Dottoranda in Scienze dell’educazione, Comunità dell’Emmanuel

«I soldati di scorta erano di vario tipo. Ce n’erano di tremendi, come il capo Poljakov che si imbestialiva se vedeva un fiore ricamato sulla divisa, ma ce n’erano anche di umani»1. Kommunella Markman ricorda con un certo sguardo positivo, che lascia perplessi, gli anni trascorsi nel lager, convinta che la sua esperienza le abbia dato la possibilità di conoscere davvero l’umanità: «Non bisogna mai credere di aver capito una persona... l’essere umano ti può sempre sorprendere. [...] Ad esempio le donne! Non ci si può immaginare cosa possono essere le donne!
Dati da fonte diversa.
(* Let $\mathcal X$ be finite with $|\mathcal X|\ge2$, $\mu\in\mathbb R^{\mathcal X}$, $\sigma\in(0,\infty)^{\mathcal X}$. On the probability simplex $\Delta(\mathcal X)$ define $$\mathcal W(p):=\sum_{x\in\mathcal X}p_x\Big(\mu_x+\sqrt{2\tilde I(p_x)}\,\sigma_x\Big)=\sum_{x\in\mathcal X}\big(p_x\mu_x+\phi(\Phi^{-1}(p_x))\,\sigma_x\big),$$ with the convention $\phi(\Phi^{-1}(0))=\phi(\Phi^{-1}(1))=0$. Then $\mathcal W$ is strictly concave on $\Delta(\mathcal X)$ and its unique maximizer over $\Delta(\mathcal X)$ is $q$ with $q_x=\Phi\big(\frac{\mu_x-\kappa^*}{\sigma_x}\big)$, where $\kappa^*\in\mathbb R$ is such that $\sum_x q_x=1$.
   Context: $\Phi$ and $\phi$ denote the standard Gaussian CDF and PDF. The quasi-surprisal is $\tilde I(u):=\frac12\big(\phi(\Phi^{-1}(u))/u\big)^2$ for $u\in(0,1)$, so that $u\sqrt{2\tilde I(u)}=\phi(\Phi^{-1}(u))$. *)

theory Defs
  imports "HOL-Probability.Probability"
begin

definition std_normal_cdf :: "real \<Rightarrow> real" where
  "std_normal_cdf x = set_lebesgue_integral lborel {..x} std_normal_density"

definition std_normal_cdf_inv :: "real \<Rightarrow> real" where
  "std_normal_cdf_inv u = (THE x. std_normal_cdf x = u)"

definition quasi_surprisal :: "real \<Rightarrow> real" where
  "quasi_surprisal u = (std_normal_density (std_normal_cdf_inv u) / u)^2 / 2"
Tornavano dal lavoro disfatte ma si sistemavano i capelli perché volevano essere belle. Scrivevano lettere, ricamavano fazzoletti, non avevamo una casa, una vita privata, non avevamo la speranza, ma la vita sì. E avevamo l’amicizia e l’amore. Quante si sono sposate dopo il lager! [...] Ho capito che l’NKVD aveva perso, perché non sarebbe riuscito con nessun mezzo a strappare agli uomini l’umanità».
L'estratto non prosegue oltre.